### Required work
Look through the records below and copy each line that includes the word "only".

Records drawn from a dataset:
━━━━━━━━━━━━━━━━━━━━━━━━━━━━━━
text \<open>Write \<open>k(\<pi>) = |\<pi> \<inter> S|\<close>. Since \<open>\<pi> \<inter> S\<close> spans \<open>\<pi>\<close>, it lies in no other plane. Any three
  points lie in a common plane, so \<open>k(\<pi>) \<ge> 3\<close>; and if at most three points of \<open>S\<close> lay off \<open>\<pi>\<close>,
  they would lie in a plane \<open>\<sigma>\<close>, and the third plane through the line \<open>\<pi> \<inter> \<sigma>\<close> would meet \<open>S\<close>
  only inside \<open>\<pi>\<close>; hence \<open>k(\<pi>) \<le> |S| - 4 = 5\<close>. Double counting over the 15 planes gives
  \<open>\<Sum> k = 7 \<cdot> 9\<close> and \<open>\<Sum> k\<^sup>2 = 9 \<cdot> 7 + 72 \<cdot> 3\<close>, so \<open>\<Sum> (k - 3)(5 - k) = 0\<close> with nonnegative
  terms: every plane meets \<open>S\<close> in 3 or 5 points. A plane containing a line \<open>\<ell>\<close> of \<open>S\<close> cannot meet
  \<open>S\<close> in \<open>\<ell>\<close> alone, so it meets \<open>S\<close> in 5 points; the two points \<open>p, q\<close> off \<open>\<ell>\<close> lie in the
  coset \<open>p + (\<ell> \<union> {0})\<close>, hence \<open>p + q \<in> \<ell>\<close> and \<open>{p, q, p + q}\<close> is the second line.\<close>

lemma bit_vec_uminus [simp]: "- (x :: bit ^ 'n) = x"
  by (simp add: vec_eq_iff)

lemma bit_vec_add_self [simp]: "(x :: bit ^ 'n) + x = 0"
  by (metis bit_vec_uminus right_minus)

lemma bit_vec_add_self_left [simp]: "(x :: bit ^ 'n) + (x + y) = y"
  by (simp flip: add.assoc)

lemma bit_vec_add_eq_0_iff: "(x :: bit ^ 'n) + y = 0 \<longleftrightarrow> x = y"
  by (metis add_eq_0_iff bit_vec_uminus)

lemma gf2_dot_add_left: "gf2_dot (a + b) x = gf2_dot a x + gf2_dot b x"
  by (simp only: gf2_dot_def vector_add_component distrib_right sum.distrib)

lemma gf2_dot_add_right: "gf2_dot a (x + y) = gf2_dot a x + gf2_dot a y"
  by (simp only: gf2_dot_def vector_add_component distrib_left sum.distrib)

lemma gf2_dot_scale_right: "gf2_dot a (c *s x) = c * gf2_dot a x"
  by (simp only: gf2_dot_def vector_smult_component sum_distrib_left mult.left_commute)

lemma gf2_dot_zero_right: "gf2_dot a 0 = 0"
  by (simp add: gf2_dot_def)

lemma UNIV_bit: "(UNIV :: bit set) = {0, 1}"
  using bit_not_zero_iff by blast

text \<open>Coordinates are encoded by booleans, so that statements about the 16 vectors of
  \<open>GF(2)\<^sup>4\<close> are decided by splitting the boolean coordinates.\<close>

definition bvec4 :: "bool \<Rightarrow> bool \<Rightarrow> bool \<Rightarrow> bool \<Rightarrow> bit ^ 4" where
  "bvec4 a b c d = (\<chi> i. of_bool (if i = 1 then a else if i = 2 then b else if i = 3 then c else d))"

lemma bvec4_nth [simp]:
  "bvec4 a b c d $ 1 = of_bool a" "bvec4 a b c d $ 2 = of_bool b"
  "bvec4 a b c d $ 3 = of_bool c" "bvec4 a b c d $ 4 = of_bool d"
  by (simp_all add: bvec4_def)

lemma bvec4_eq_iff [simp]:
  "bvec4 a b c d = bvec4 a' b' c' d' \<longleftrightarrow> a = a' \<and> b = b' \<and> c = c' \<and> d = d'"
  by (auto simp: vec_eq_iff forall_4)

lemma bvec4_eq_0_iff [simp]: "bvec4 a b c d = 0 \<longleftrightarrow> \<not> a \<and> \<not> b \<and> \<not> c \<and> \<not> d"
  by (auto simp: vec_eq_iff forall_4)

lemma bvec4_components: "x = bvec4 (x $ 1 = 1) (x $ 2 = 1) (x $ 3 = 1) (x $ 4 = 1)"
  by (auto simp: vec_eq_iff forall_4)

lemma bit_vec4_cases:
  obtains "x = bvec4 False False False False"
    | "x = bvec4 False False False True"
    | "x = bvec4 False False True False"
    | "x = bvec4 False False True True"
    | "x = bvec4 False True False False"
    | "x = bvec4 False True False True"
    | "x = bvec4 False True True False"
    | "x = bvec4 False True True True"
    | "x = bvec4 True False False False"
    | "x = bvec4 True False False True"
    | "x = bvec4 True False True False"
    | "x = bvec4 True False True True"
    | "x = bvec4 True True False False"
    | "x = bvec4 True True False True"
    | "x = bvec4 True True True False"
    | "x = bvec4 True True True True"
proof -
  obtain a b c d where "x = bvec4 a b c d"
    using bvec4_components by blast
  then show ?thesis
    using that by (cases a; cases b; cases c; cases d) simp_all
qed

lemma gf2_dot_bvec4 [simp]:
  "gf2_dot (bvec4 a b c d) (bvec4 x y z w) =
     of_bool ((((a \<and> x) \<noteq> (b \<and> y)) \<noteq> (c \<and> z)) \<noteq> (d \<and> w))"
  by (simp add: gf2_dot_def sum_4)

definition bit_vec4_list :: "(bit ^ 4) list" where
  "bit_vec4_list = [bvec4 a b c d. a \<leftarrow> [False, True], b \<leftarrow> [False, True],
     c \<leftarrow> [False, True], d \<leftarrow> [False, True]]"

lemma set_bit_vec4_list: "set bit_vec4_list = UNIV"
proof -
  have "bvec4 a b c d \<in> set bit_vec4_list" for a b c d
    by (cases a; cases b; cases c; cases d) (simp_all add: bit_vec4_list_def)
  then show ?thesis
    by (metis UNIV_eq_I bvec4_components)
qed

lemma all_bit_vec4: "(\<forall>x :: bit ^ 4. P x) \<longleftrightarrow> (\<forall>a b c d. P (bvec4 a b c d))"
  by (metis bvec4_components)

lemma ex_bit_vec4: "(\<exists>x :: bit ^ 4. P x) \<longleftrightarrow> (\<exists>a b c d. P (bvec4 a b c d))"
  by (metis bvec4_components)

lemma finite_UNIV_bit_vec4: "finite (UNIV :: (bit ^ 4) set)"
  by (metis List.finite_set set_bit_vec4_list)

lemma finite_bit_vec4 [simp]: "finite (A :: (bit ^ 4) set)"
  using finite_subset[OF subset_UNIV finite_UNIV_bit_vec4] .

lemma card_bit_vec4: "card {x :: bit ^ 4. P x} = length (filter P bit_vec4_list)"
proof -
  have "distinct bit_vec4_list"
    by (simp add: bit_vec4_list_def)
  then show ?thesis
    by (simp add: distinct_length_filter set_bit_vec4_list)
qed

lemma card_UNIV_bit_vec4: "card (UNIV :: (bit ^ 4) set) = 16"
  using card_bit_vec4[of "\<lambda>_. True"] by (simp add: bit_vec4_list_def)

lemma card_nonzero_bit_vec4: "card {a :: bit ^ 4. a \<noteq> 0} = 15"
  by (simp add: card_bit_vec4 bit_vec4_list_def)

lemma card_gf2_dot_kernel: "card {x. gf2_dot a x = 0} = 8" if "a \<noteq> 0"
  using that by (cases a rule: bit_vec4_cases) (simp_all add: card_bit_vec4 bit_vec4_list_def)

lemma card_planes_through_point: "card {a. a \<noteq> 0 \<and> gf2_dot a x = 0} = 7" if "x \<noteq> 0"
  using that by (cases x rule: bit_vec4_cases) (simp_all add: card_bit_vec4 bit_vec4_list_def)

lemma card_planes_through_two_points:
  "card {a. a \<noteq> 0 \<and> gf2_dot a x = 0 \<and> gf2_dot a y = 0} = 3" if "x \<noteq> 0" "y \<noteq> 0" "x \<noteq> y"
  using that by (cases x rule: bit_vec4_cases; cases y rule: bit_vec4_cases)
    (simp_all add: card_bit_vec4 bit_vec4_list_def)

lemma ex_gf2_dot_nonzero: "\<exists>w. gf2_dot a w \<noteq> 0" if "a \<noteq> 0"
proof -
  have "\<forall>a. a \<noteq> 0 \<longrightarrow> (\<exists>w. gf2_dot a w \<noteq> 0)"
    unfolding all_bit_vec4 ex_bit_vec4 all_bool_eq ex_bool_eq by simp
  with that show ?thesis by blast
qed

definition pg_plane_of :: "bit ^ 4 \<Rightarrow> (bit ^ 4) set" where
  "pg_plane_of a = {x. x \<noteq> 0 \<and> gf2_dot a x = 0}"

lemma pg_plane_iff: "pg_plane P \<longleftrightarrow> (\<exists>a. a \<noteq> 0 \<and> P = pg_plane_of a)"
  by (simp add: pg_plane_def pg_plane_of_def)

lemma pg_plane_of_subset_imp_eq:
  assumes "a \<noteq> 0" "b \<noteq> 0" "pg_plane_of a \<subseteq> pg_plane_of b"
  shows "a = b"
proof (rule ccontr)
  assume "a \<noteq> b"
  have "\<forall>a b. a \<noteq> 0 \<longrightarrow> b \<noteq> 0 \<longrightarrow> a \<noteq> b \<longrightarrow> (\<exists>x. x \<noteq> 0 \<and> gf2_dot a x = 0 \<and> gf2_dot b x \<noteq> 0)"
    unfolding all_bit_vec4 ex_bit_vec4 all_bool_eq ex_bool_eq by simp
  then obtain x where "x \<noteq> 0" "gf2_dot a x = 0" "gf2_dot b x \<noteq> 0"
    using assms(1,2) \<open>a \<noteq> b\<close> by blast
  with assms(3) show False
    unfolding pg_plane_of_def by blast
qed

lemma exists_plane_containing:
  assumes "finite T" "card T \<le> 3"
  shows "\<exists>b. b \<noteq> 0 \<and> (\<forall>x\<in>T. gf2_dot b x = 0)"
proof -
  define f where "f b = restrict (gf2_dot b) T" for b
  have "card (T \<rightarrow>\<^sub>E (UNIV :: bit set)) = 2 ^ card T"
    using assms(1) by (simp add: card_PiE UNIV_bit numeral_2_eq_2)
  also have "\<dots> < card (UNIV :: (bit ^ 4) set)"
    unfolding card_UNIV_bit_vec4 using assms(2) power_increasing[of "card T" 3 "2::nat"] by simp
  finally have card_less: "card (T \<rightarrow>\<^sub>E (UNIV :: bit set)) < card (UNIV :: (bit ^ 4) set)" .
  have "\<not> inj f"
  proof
    assume "inj f"
    then have "card (UNIV :: (bit ^ 4) set) \<le> card (T \<rightarrow>\<^sub>E (UNIV :: bit set))"
      by (rule card_inj_on_le) (auto simp: f_def UNIV_bit intro: finite_PiE assms(1))
    with card_less show False
      by simp
  qed
  then obtain b1 b2 where "b1 \<noteq> b2" "f b1 = f b2"
    unfolding inj_def by blast
  have "gf2_dot (b1 + b2) x = 0" if "x \<in> T" for x
  proof -
    have "gf2_dot b1 x = gf2_dot b2 x"
      using \<open>f b1 = f b2\<close> that by (metis f_def restrict_apply')
    then show ?thesis
      by (simp add: gf2_dot_add_left)
  qed
  moreover have "b1 + b2 \<noteq> 0"
    using \<open>b1 \<noteq> b2\<close> by (simp add: bit_vec_add_eq_0_iff)
  ultimately show ?thesis
    by blast
qed

lemma exists_other_plane_containing:
  assumes "finite T" "card T \<le> 2" "a \<noteq> 0"
  shows "\<exists>b. b \<noteq> 0 \<and> b \<noteq> a \<and> (\<forall>x\<in>T. gf2_dot b x = 0)"
proof -
  obtain w where w: "gf2_dot a w \<noteq> 0"
    using ex_gf2_dot_nonzero assms(3) by blast
  have "card (insert w T) \<le> 3"
    using assms(1,2) card_insert_le_m1[of 3 T w] by (simp add: card_insert_if)
  then obtain b where "b \<noteq> 0" "\<forall>x\<in>insert w T. gf2_dot b x = 0"
    using exists_plane_containing assms(1) by (meson finite_insert)
  with w show ?thesis
    by auto
qed
(* Let $V$, $R$, the radius levels $r_1<\dots<r_k=R$, $G_R$ and $G_\alpha$ be as in the context, and let $0<\alpha\le 5\pi/6$. Then for all $u,v\in V$: $u$ and $v$ are connected by a path in $G_\alpha$ if and only if they are connected by a path in $G_R$.
   Context: Let $V$ be a finite set of pairwise distinct points (nodes) in the Euclidean plane, $d$ the Euclidean distance, and $R>0$. Let $G_R=(V,E)$ be the undirected graph with $E=\{\{u,v\}: u\neq v,\ d(u,v)\le R\}$. Fix a finite increasing sequence of radius levels $0<r_1<r_2<\dots<r_k=R$. For $u\in V$ and $1\le i\le k$ let $S_i(u)=\{v\in V\setminus\{u\}: d(u,v)\le r_i\}$. For $0<\alpha<2\pi$, a closed cone of width $\alpha$ with apex $u$ is a set $\{u+t(\cos\varphi,\sin\varphi): t\ge 0,\ \varphi\in[\theta-\alpha/2,\theta+\alpha/2]\}$ for some $\theta$; $\mathrm{cone}(u,\alpha,v)$ denotes the closed cone of width $\alpha$ with apex $u$ bisected by the ray from $u$ through $v$. A finite set $S\subseteq V\setminus\{u\}$ has an $\alpha$-gap (at $u$) if some closed cone of width $\alpha$ with apex $u$ contains no node of $S$ (in particular $\emptyset$ has an $\alpha$-gap). The algorithm CBTC($\alpha$) assigns to each $u$ the index $i_u$ = the least $i\in\{1,\dots,k\}$ such that $S_i(u)$ has no $\alpha$-gap, or $i_u=k$ if there is no such $i$; set $N_\alpha(u)=S_{i_u}(u)$ and $N_\alpha=\{(u,v): v\in N_\alpha(u)\}$. Let $E_\alpha=\{\{u,v\}: (u,v)\in N_\alpha \text{ or } (v,u)\in N_\alpha\}$ (the symmetric closure of $N_\alpha$) and $G_\alpha=(V,E_\alpha)$. *)

theory Defs
  imports "HOL-Analysis.Analysis"
begin

text \<open>Points of the Euclidean plane are represented as complex numbers.\<close>

definition cone :: "complex \<Rightarrow> real \<Rightarrow> real \<Rightarrow> complex set" where
  "cone u \<alpha> \<theta> = {u + complex_of_real t * cis \<phi> | t \<phi>.
      t \<ge> 0 \<and> \<theta> - \<alpha>/2 \<le> \<phi> \<and> \<phi> \<le> \<theta> + \<alpha>/2}"

definition has_gap :: "complex \<Rightarrow> real \<Rightarrow> complex set \<Rightarrow> bool" where
  "has_gap u \<alpha> S \<longleftrightarrow> (\<exists>\<theta>. \<forall>v\<in>S. v \<notin> cone u \<alpha> \<theta>)"

text \<open>Radius levels r 1 < ... < r k = R; indices 1..k.\<close>
definition S_level :: "complex set \<Rightarrow> (nat \<Rightarrow> real) \<Rightarrow> nat \<Rightarrow> complex \<Rightarrow> complex set" where
  "S_level V r i u = {v \<in> V - {u}. dist u v \<le> r i}"

definition cbtc_index :: "complex set \<Rightarrow> (nat \<Rightarrow> real) \<Rightarrow> nat \<Rightarrow> real \<Rightarrow> complex \<Rightarrow> nat" where
  "cbtc_index V r k \<alpha> u =
     (if \<exists>i\<in>{1..k}. \<not> has_gap u \<alpha> (S_level V r i u)
      then LEAST i. i \<in> {1..k} \<and> \<not> has_gap u \<alpha> (S_level V r i u)
      else k)"

definition N_alpha :: "complex set \<Rightarrow> (nat \<Rightarrow> real) \<Rightarrow> nat \<Rightarrow> real \<Rightarrow> complex \<Rightarrow> complex set" where
  "N_alpha V r k \<alpha> u = S_level V r (cbtc_index V r k \<alpha> u) u"

definition edge_R :: "complex set \<Rightarrow> real \<Rightarrow> complex \<Rightarrow> complex \<Rightarrow> bool" where
  "edge_R V R u v \<longleftrightarrow> u \<in> V \<and> v \<in> V \<and> u \<noteq> v \<and> dist u v \<le> R"

definition edge_alpha :: "complex set \<Rightarrow> (nat \<Rightarrow> real) \<Rightarrow> nat \<Rightarrow> real \<Rightarrow> complex \<Rightarrow> complex \<Rightarrow> bool" where
  "edge_alpha V r k \<alpha> u v \<longleftrightarrow> u \<in> V \<and> v \<in> V \<and>
     (v \<in> N_alpha V r k \<alpha> u \<or> u \<in> N_alpha V r k \<alpha> v)"

end

theory Submission
  imports Defs
begin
━━━━━━━━━━━━━━━━━━━━━━━━━━━━━━
### Answer section
  only inside \<open>\<pi>\<close>; hence \<open>k(\<pi>) \<le> |S| - 4 = 5\<close>. Double counting over the 15 planes gives
  by (simp only: gf2_dot_def vector_add_component distrib_right sum.distrib)
  by (simp only: gf2_dot_def vector_add_component distrib_left sum.distrib)
  by (simp only: gf2_dot_def vector_smult_component sum_distrib_left mult.left_commute)
(* Let $V$, $R$, the radius levels $r_1<\dots<r_k=R$, $G_R$ and $G_\alpha$ be as in the context, and let $0<\alpha\le 5\pi/6$. Then for all $u,v\in V$: $u$ and $v$ are connected by a path in $G_\alpha$ if and only if they are connected by a path in $G_R$.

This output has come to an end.